Icy Rage

Knight watched as Mal pursed his lips, his frosty blue eyes gone as hard as ice.

He was pissed.  Beyond pissed.  Past something that Knight had never seen.

He was going to kill someone.

“What do you remember about the car?” Mal asked, his voice flat.

“A black Beemer,” said Knight, knowing the best thing to do would be to answer Mal’s question as best he could.  “Saw the shooter.  White guy.  Black hair pulled back, wearin’ a white tank.  He held the gun sideways, like gang-bangers.”

Knight didn’t give the man time to shoot at him, as he had swerved off the road just in case the man was going to.  He didn’t remember if the man did shoot at him.  He was too busy at that moment.

Mal took in a breath, and lifted his head to see a nurse come into the room.  “Mr. King?”

“Yes,” both men said.

The nurse looked from Mal to Knight, and addressed the big blond man in the emergency room gurney.  “Luckily, Dr. DeWare reset your bone so we’re going to keep you overnight to make sure it heals correctly and your children are unharmed.”

“It’ll heal.  Discharge me now.”

She shook her head.  “Mr. King, after you stated you were pregnant, we need to make sure that everything is all right.”

“I wanna go back to Millennium City.”

“It’s only overnight.”

Knight crossed his arms.  Mal said, “I don’t want the chaos that I walked into earlier to happen again.”

Nurses, doctors, even the cleaning crew, were in Knight’s bay trying to get a gander at the pregnant man.   Knight held onto Scott’s rose as if it were a lifeline, even stuck it in the pocket of his jonnie.  It wasn’t until Mal shooed them away by a look and a growl that they finally left him alone and treated him.

“We’ll post a guard.”

“Not to mention that I’m staying.”

Mal slept in the recliner chair while Knight fitfully slept on the bed in the room.  He was still unable to walk on the leg the next morning, but it at least didn’t look twisted.  After six hours they gave him crutches and discharged him…

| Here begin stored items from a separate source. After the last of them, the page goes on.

(* For every $n\geq 1$, there exists an NFA $M$ with $n+1$ states over a three-letter alphabet $\Sigma$, with a single initial state and all states final, such that any NFA accepting the complement $\Sigma^*\setminus L(M)$ has at least $2^n$ states.
   Context: An NFA is a quintuple $M=(Q,\Sigma,\delta,q_0,F)$ with finite state set $Q$, transition function $\delta: Q\times\Sigma\to 2^Q$, initial state $q_0$ and final states $F$; $L(M)$ is the set of words $w$ with $\delta(q_0,w)\cap F\ne\emptyset$. *)

theory Defs
  imports Main
begin

text \<open>An NFA (Q, delta, q0, F) with states taken from nat (any finite state set can be
renamed into nat) and letters of type 'a; the alphabet Alph is a separate set.\<close>

record 'a nfa =
  states :: "nat set"
  delta  :: "nat \<Rightarrow> 'a \<Rightarrow> nat set"
  init   :: nat
  final  :: "nat set"

definition wf_nfa :: "'a set \<Rightarrow> 'a nfa \<Rightarrow> bool" where
  "wf_nfa Alph M \<longleftrightarrow> finite (states M) \<and> init M \<in> states M \<and> final M \<subseteq> states M
     \<and> (\<forall>q\<in>states M. \<forall>a\<in>Alph. delta M q a \<subseteq> states M)"

fun delta_star :: "'a nfa \<Rightarrow> nat set \<Rightarrow> 'a list \<Rightarrow> nat set" where
  "delta_star M S [] = S"
| "delta_star M S (a # w) = delta_star M (\<Union>q\<in>S. delta M q a) w"

definition lang :: "'a set \<Rightarrow> 'a nfa \<Rightarrow> 'a list set" where
  "lang Alph M = {w \<in> lists Alph. delta_star M {init M} w \<inter> final M \<noteq> {}}"

end

theory Submission
  imports Defs
begin

text \<open>The witness has an initial state \<open>n\<close> and a cycle \<open>0 \<rightarrow> 1 \<rightarrow> \<dots> \<rightarrow> n - 1 \<rightarrow> 0\<close>
  driven by letter 0; from \<open>n\<close> letter 0 also enters the cycle. Letter 1 deletes state 0,
  letter 2 deletes state \<open>n\<close>, and all other transitions are loops. Reading \<open>0\<^sup>n 2\<close> reaches
  the whole cycle, and rotating a state to 0, deleting it with 1 and rotating back removes any
  single state; so every subset \<open>S\<close> of the cycle is reachable by some word \<open>x\<^sub>S\<close>, and some
  word \<open>y\<^sub>T\<close> deletes exactly \<open>T\<close>. As every state is final, \<open>x\<^sub>S y\<^sub>T\<close> is rejected iff
  \<open>S \<subseteq> T\<close>. Hence the \<open>2\<^sup>n\<close> pairs \<open>(x\<^sub>S, y\<^sub>S)\<close> form an extended fooling set for the complement,
  which forces \<open>2\<^sup>n\<close> states on every NFA accepting it.\<close>

lemma delta_star_append:
  "delta_star M S (xs @ ys) = delta_star M (delta_star M S xs) ys"
  by (induction xs arbitrary: S) auto

lemma delta_star_empty [simp]: "delta_star M {} w = {}"
  by (induction w) auto

lemma delta_star_UN_singleton: "delta_star M S w = (\<Union>q\<in>S. delta_star M {q} w)"
proof (induction w arbitrary: S)
  case Nil
  then show ?case by auto
next
  case (Cons a w)
  have "delta_star M S (a # w) = (\<Union>p\<in>(\<Union>q\<in>S. delta M q a). delta_star M {p} w)"
    using Cons.IH[of "\<Union>q\<in>S. delta M q a"] by simp
  also have "\<dots> = (\<Union>q\<in>S. delta_star M (delta M q a) w)"
    using Cons.IH[of "delta M _ a"] by blast
  finally show ?case by simp
qed

lemma delta_star_subset_states:
  assumes "wf_nfa Alph M" "S \<subseteq> states M" "w \<in> lists Alph"
  shows "delta_star M S w \<subseteq> states M"
  using assms(2,3)
proof (induction w arbitrary: S)
  case Nil
  then show ?case by simp
next
  case (Cons a w)
  have "a \<in> Alph" using Cons.prems(2) by simp
  then have "(\<Union>q\<in>S. delta M q a) \<subseteq> states M"
    using assms(1) Cons.prems(1) unfolding wf_nfa_def by blast
  then show ?case using Cons by simp
qed

lemma lang_all_final:
  assumes "wf_nfa Alph M" "final M = states M"
  shows "lang Alph M = {w \<in> lists Alph. delta_star M {init M} w \<noteq> {}}"
proof -
  have "delta_star M {init M} w \<inter> final M = delta_star M {init M} w" if "w \<in> lists Alph" for w
    using delta_star_subset_states[OF assms(1) _ that] assms unfolding wf_nfa_def by auto
  then show ?thesis unfolding lang_def by auto
qed

lemma append_in_lang_iff:
  "x @ y \<in> lang Alph M \<longleftrightarrow>
     x @ y \<in> lists Alph \<and> (\<exists>p\<in>delta_star M {init M} x. delta_star M {p} y \<inter> final M \<noteq> {})"
proof -
  have "delta_star M {init M} (x @ y) = (\<Union>p\<in>delta_star M {init M} x. delta_star M {p} y)"
    using delta_star_UN_singleton[of M "delta_star M {init M} x" y] by (simp only: delta_star_append)
  then show ?thesis unfolding lang_def by auto
qed

definition fooling_set :: "'a list set \<Rightarrow> ('a list \<times> 'a list) set \<Rightarrow> bool" where
  "fooling_set L P \<longleftrightarrow> (\<forall>(x, y)\<in>P. x @ y \<in> L) \<and>
     (\<forall>(x\<^sub>1, y\<^sub>1)\<in>P. \<forall>(x\<^sub>2, y\<^sub>2)\<in>P. (x\<^sub>1, y\<^sub>1) \<noteq> (x\<^sub>2, y\<^sub>2) \<longrightarrow> x\<^sub>1 @ y\<^sub>2 \<notin> L \<or> x\<^sub>2 @ y\<^sub>1 \<notin> L)"

text \<open>Each pair is assigned a state between \<open>x\<close> and \<open>y\<close> on an accepting run; two pairs sharing
  that state would make both cross words accepted.\<close>
lemma card_fooling_set_le_card_states:
  assumes wf: "wf_nfa Alph M" and fool: "fooling_set (lang Alph M) P"
  shows "card P \<le> card (states M)"
proof -
  have accepted: "fst u @ snd u \<in> lang Alph M" if "u \<in> P" for u
    using fool that unfolding fooling_set_def by auto
  have "\<exists>p\<in>states M. p \<in> delta_star M {init M} (fst u) \<and> delta_star M {p} (snd u) \<inter> final M \<noteq> {}"
    if u: "u \<in> P" for u
  proof -
    obtain p where p: "p \<in> delta_star M {init M} (fst u)" "delta_star M {p} (snd u) \<inter> final M \<noteq> {}"
      and "fst u \<in> lists Alph"
      using accepted[OF u] unfolding append_in_lang_iff by auto
    moreover have "delta_star M {init M} (fst u) \<subseteq> states M"
      using delta_star_subset_states[OF wf _ \<open>fst u \<in> lists Alph\<close>] wf unfolding wf_nfa_def by auto
    ultimately show ?thesis by auto
  qed
  then obtain f where f: "\<And>u. u \<in> P \<Longrightarrow> f u \<in> states M \<and>
      f u \<in> delta_star M {init M} (fst u) \<and> delta_star M {f u} (snd u) \<inter> final M \<noteq> {}"
    by metis
  have cross: "fst u @ snd v \<in> lang Alph M" if "u \<in> P" "v \<in> P" "f u = f v" for u v
  proof -
    have "fst u @ snd v \<in> lists Alph"
      using accepted[OF that(1)] accepted[OF that(2)] unfolding lang_def by auto
    with f[OF that(1)] f[OF that(2)] that(3) show ?thesis
      unfolding append_in_lang_iff by metis
  qed
  have "inj_on f P"
  proof (rule inj_onI)
    fix u v assume "u \<in> P" "v \<in> P" "f u = f v"
    then show "u = v"
      using fool cross[of u v] cross[of v u] unfolding fooling_set_def by fastforce
  qed
  moreover have "f ` P \<subseteq> states M" using f by auto
  moreover have "finite (states M)" using wf unfolding wf_nfa_def by simp
  ultimately show ?thesis by (rule card_inj_on_le)
qed

definition witness_delta :: "nat \<Rightarrow> nat \<Rightarrow> nat \<Rightarrow> nat set" where
  "witness_delta n q a =
     (if q = n then (if a = 0 then {n, 0} else if a = 1 then {n} else {})
      else if q < n then (if a = 0 then {Suc q mod n} else if a = 1 \<and> q = 0 then {} else {q})
      else {})"

definition witness_nfa :: "nat \<Rightarrow> nat nfa" where
  "witness_nfa n = \<lparr>states = {..n}, delta = witness_delta n, init = n, final = {..n}\<rparr>"

lemma witness_nfa_simps [simp]:
  "states (witness_nfa n) = {..n}" "delta (witness_nfa n) = witness_delta n"
  "init (witness_nfa n) = n" "final (witness_nfa n) = {..n}"
  by (simp_all add: witness_nfa_def)

lemma wf_witness_nfa: "wf_nfa Alph (witness_nfa n)"
  unfolding wf_nfa_def by (auto simp: witness_delta_def split: if_splits)

lemma lang_witness_nfa:
  "lang Alph (witness_nfa n) = {w \<in> lists Alph. delta_star (witness_nfa n) {n} w \<noteq> {}}"
  using lang_all_final[OF wf_witness_nfa] by simp

lemma witness_rotate:
  "q < n \<Longrightarrow> delta_star (witness_nfa n) {q} (replicate k 0) = {(q + k) mod n}"
proof (induction k arbitrary: q)
  case 0
  then show ?case by simp
next
  case (Suc k)
  then have "delta_star (witness_nfa n) {q} (replicate (Suc k) 0) = {(Suc q mod n + k) mod n}"
    by (simp add: witness_delta_def)
  then show ?case by (simp add: mod_add_left_eq)
qed

lemma mod_add_diff_cases:
  fixes n q s :: nat
  assumes "s < n" "q < n"
  shows "(q + (n - s)) mod n = (if s \<le> q then q - s else q + n - s)"
proof (cases "s \<le> q")
  case True
  then have "q + (n - s) = (q - s) + n" using assms by simp
  then show ?thesis using assms True by (metis mod_add_self2 mod_less diff_le_self le_less_trans)
qed (use assms in simp)

definition delete_word :: "nat \<Rightarrow> nat \<Rightarrow> nat list" where
  "delete_word n s = replicate (n - s) 0 @ [1] @ replicate s 0"

text \<open>The word rotates \<open>s\<close> onto state 0, deletes it, and rotates the cycle back.\<close>
lemma witness_delete_word_singleton:
  assumes "s < n" "q < n"
  shows "delta_star (witness_nfa n) {q} (delete_word n s) = (if q = s then {} else {q})"
proof -
  define r where "r = (q + (n - s)) mod n"
  have r: "r = (if s \<le> q then q - s else q + n - s)"
    unfolding r_def using assms by (rule mod_add_diff_cases)
  have "r < n" "r = 0 \<longleftrightarrow> q = s" "(r + s) mod n = q"
    using r assms by auto
  have "delta_star (witness_nfa n) {q} (delete_word n s) =
        delta_star (witness_nfa n) (delta_star (witness_nfa n) {r} [1]) (replicate s 0)"
    using witness_rotate[OF \<open>q < n\<close>, of "n - s"]
    by (simp add: delete_word_def delta_star_append r_def)
  also have "\<dots> = (if q = s then {} else {q})"
    using \<open>r < n\<close> \<open>r = 0 \<longleftrightarrow> q = s\<close> \<open>(r + s) mod n = q\<close> witness_rotate[OF \<open>r < n\<close>, of s]
    by (auto simp: witness_delta_def)
  finally show ?thesis .
qed

lemma witness_delete_word:
  assumes "s < n" "A \<subseteq> {..<n}"
  shows "delta_star (witness_nfa n) A (delete_word n s) = A - {s}"
proof -
  have "delta_star (witness_nfa n) A (delete_word n s) = (\<Union>q\<in>A. if q = s then {} else {q})"
    unfolding delta_star_UN_singleton[of _ A]
    using witness_delete_word_singleton[OF assms(1)] assms(2) by (intro SUP_cong) auto
  then show ?thesis by auto
qed

lemma witness_deletes_subset:
  assumes "T \<subseteq> {..<n}"
  shows "\<exists>y. y \<in> lists {0, 1, 2} \<and> (\<forall>A\<subseteq>{..<n}. delta_star (witness_nfa n) A y = A - T)"
proof -
  have "finite T" using assms finite_subset by blast
  then show ?thesis using assms
  proof (induction T rule: finite_induct)
    case empty
    show ?case by (rule exI[of _ "[]"]) auto
  next
    case (insert s T)
    then obtain y where y: "y \<in> lists {0, 1, 2}"
      "\<And>A. A \<subseteq> {..<n} \<Longrightarrow> delta_star (witness_nfa n) A y = A - T"
      by auto
    have "delta_star (witness_nfa n) A (delete_word n s @ y) = A - insert s T"
      if "A \<subseteq> {..<n}" for A
      using that insert.prems y(2)[of "A - {s}"]
      by (auto simp: delta_star_append witness_delete_word)
    moreover have "delete_word n s @ y \<in> lists {0, 1, 2}"
      using y(1) by (auto simp: delete_word_def)
    ultimately show ?case by blast
  qed
qed

lemma witness_fill:
  "k \<le> n \<Longrightarrow> delta_star (witness_nfa n) {n} (replicate k 0) = insert n {..<k}"
proof (induction k)
  case 0
  then show ?case by simp
next
  case (Suc k)
  have "delta_star (witness_nfa n) {n} (replicate (Suc k) 0) =
        (\<Union>q\<in>insert n {..<k}. witness_delta n q 0)"
    using Suc by (simp add: replicate_append_same[symmetric] delta_star_append)
  also have "\<dots> = insert n (insert 0 (Suc ` {..<k}))"
    using Suc.prems by (auto simp: witness_delta_def)
  finally show ?case by (simp add: lessThan_Suc_eq_insert_0)
qed

lemma witness_reaches_subset:
  assumes "S \<subseteq> {..<n}"
  shows "\<exists>x. x \<in> lists {0, 1, 2} \<and> delta_star (witness_nfa n) {n} x = S"
proof -
  obtain y where y: "y \<in> lists {0, 1, 2}"
    "\<forall>A\<subseteq>{..<n}. delta_star (witness_nfa n) A y = A - ({..<n} - S)"
    using witness_deletes_subset[of "{..<n} - S" n] by auto
  have fill: "delta_star (witness_nfa n) {n} (replicate n 0 @ [2]) = {..<n}"
    using witness_fill[of n n] by (auto simp: delta_star_append witness_delta_def)
  have "delta_star (witness_nfa n) {n} ((replicate n 0 @ [2]) @ y) = {..<n} - ({..<n} - S)"
    unfolding delta_star_append[of _ _ "replicate n 0 @ [2]" y] fill using y(2) by blast
  also have "\<dots> = S" using assms by blast
  finally show ?thesis using y(1) by (intro exI[of _ "(replicate n 0 @ [2]) @ y"]) auto
qed

lemma card_states_complement_witness:
  assumes wf: "wf_nfa {0, 1, 2} M"
    and compl: "lang {0, 1, 2} M = lists {0, 1, 2} - lang {0, 1, 2} (witness_nfa n)"
  shows "2 ^ n \<le> card (states M)"
proof -
  obtain reach where reach: "\<And>S. S \<subseteq> {..<n} \<Longrightarrow>
      reach S \<in> lists {0, 1, 2} \<and> delta_star (witness_nfa n) {n} (reach S) = S"
    using witness_reaches_subset[of _ n] by metis
  obtain del where del: "\<And>T. T \<subseteq> {..<n} \<Longrightarrow>
      del T \<in> lists {0, 1, 2} \<and> (\<forall>A\<subseteq>{..<n}. delta_star (witness_nfa n) A (del T) = A - T)"
    using witness_deletes_subset[of _ n] by metis
  define L where "L = lang {0, 1, 2} M"
  have in_compl: "reach S @ del T \<in> L \<longleftrightarrow> S \<subseteq> T"
    if "S \<subseteq> {..<n}" "T \<subseteq> {..<n}" for S T
  proof -
    have "delta_star (witness_nfa n) {n} (reach S @ del T) = S - T"
      using reach[OF that(1)] del[OF that(2)] that(1) by (simp add: delta_star_append)
    moreover have "reach S @ del T \<in> lists {0, 1, 2}"
      using reach[OF that(1)] del[OF that(2)] by simp
    ultimately show ?thesis unfolding L_def compl lang_witness_nfa by blast
  qed
  let ?P = "(\<lambda>S. (reach S, del S)) ` Pow {..<n}"
  have "fooling_set L ?P"
    unfolding fooling_set_def by (force simp: in_compl)
  then have "card ?P \<le> card (states M)"
    unfolding L_def by (rule card_fooling_set_le_card_states[OF wf])
  moreover have "inj_on (\<lambda>S. (reach S, del S)) (Pow {..<n})"
  proof (rule inj_onI)
    fix S T assume "S \<in> Pow {..<n}" "T \<in> Pow {..<n}" "(reach S, del S) = (reach T, del T)"
    then have "reach S = reach T" by simp
    then show "S = T" using reach \<open>S \<in> Pow {..<n}\<close> \<open>T \<in> Pow {..<n}\<close> by (metis PowD)
  qed
  ultimately show ?thesis by (simp add: card_image card_Pow)
qed

text \<open>The construction does not need \<open>n \<ge> 1\<close>.\<close>
theorem mainTheorem15:
  fixes n :: nat
  assumes "n \<ge> 1"
  shows "\<exists>(Alph :: nat set) (M :: nat nfa).
           card Alph = 3 \<and> wf_nfa Alph M \<and> card (states M) = n + 1 \<and> final M = states M \<and>
           (\<forall>M' :: nat nfa. wf_nfa Alph M' \<and> lang Alph M' = lists Alph - lang Alph M
              \<longrightarrow> card (states M') \<ge> 2 ^ n)"
proof (intro exI[of _ "{0, 1, 2}"] exI[of _ "witness_nfa n"] conjI allI impI)
  show "card {0, 1, 2 :: nat} = 3" by simp
  show "wf_nfa {0, 1, 2} (witness_nfa n)" by (rule wf_witness_nfa)
  show "card (states (witness_nfa n)) = n + 1" by simp
  show "final (witness_nfa n) = states (witness_nfa n)" by simp
  fix M' :: "nat nfa"
  assume "wf_nfa {0, 1, 2} M' \<and> lang {0, 1, 2} M' = lists {0, 1, 2} - lang {0, 1, 2} (witness_nfa n)"
  then show "2 ^ n \<le> card (states M')"
    using card_states_complement_witness by blast
qed

end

Into a maelstrom of reporters and paparazzi.

Leaving Kitty in the parking lot of the hospital, they climbed into a cab instead.  The cab driver, seeing both men’s angry faces, made no small talk as he drove them to their home in Millennium City.

And there were reporters there, too.

Fighting their way through that, they got upstairs.  Knight refused to answer the door, left the phone off the hook, didn’t answer his home phone, and drew the curtains.

He was royally, unequivocally, pissed off.  Mal paced the room.  “Maybe we can get Scott or Mike to put in a teleporter.”

“How will that work wi’ me?” Knight asked.  “I don’ wanna fuck things up.  I gotta get Kitty back.”

“I’ll get Kitty back.  Wait here.”

Mal got his leathers that he had worn the first time he rode with Knight.

“Be careful,” Knight said.

“I’ll be very careful, my love,” Mal said, and gave Knight a kiss.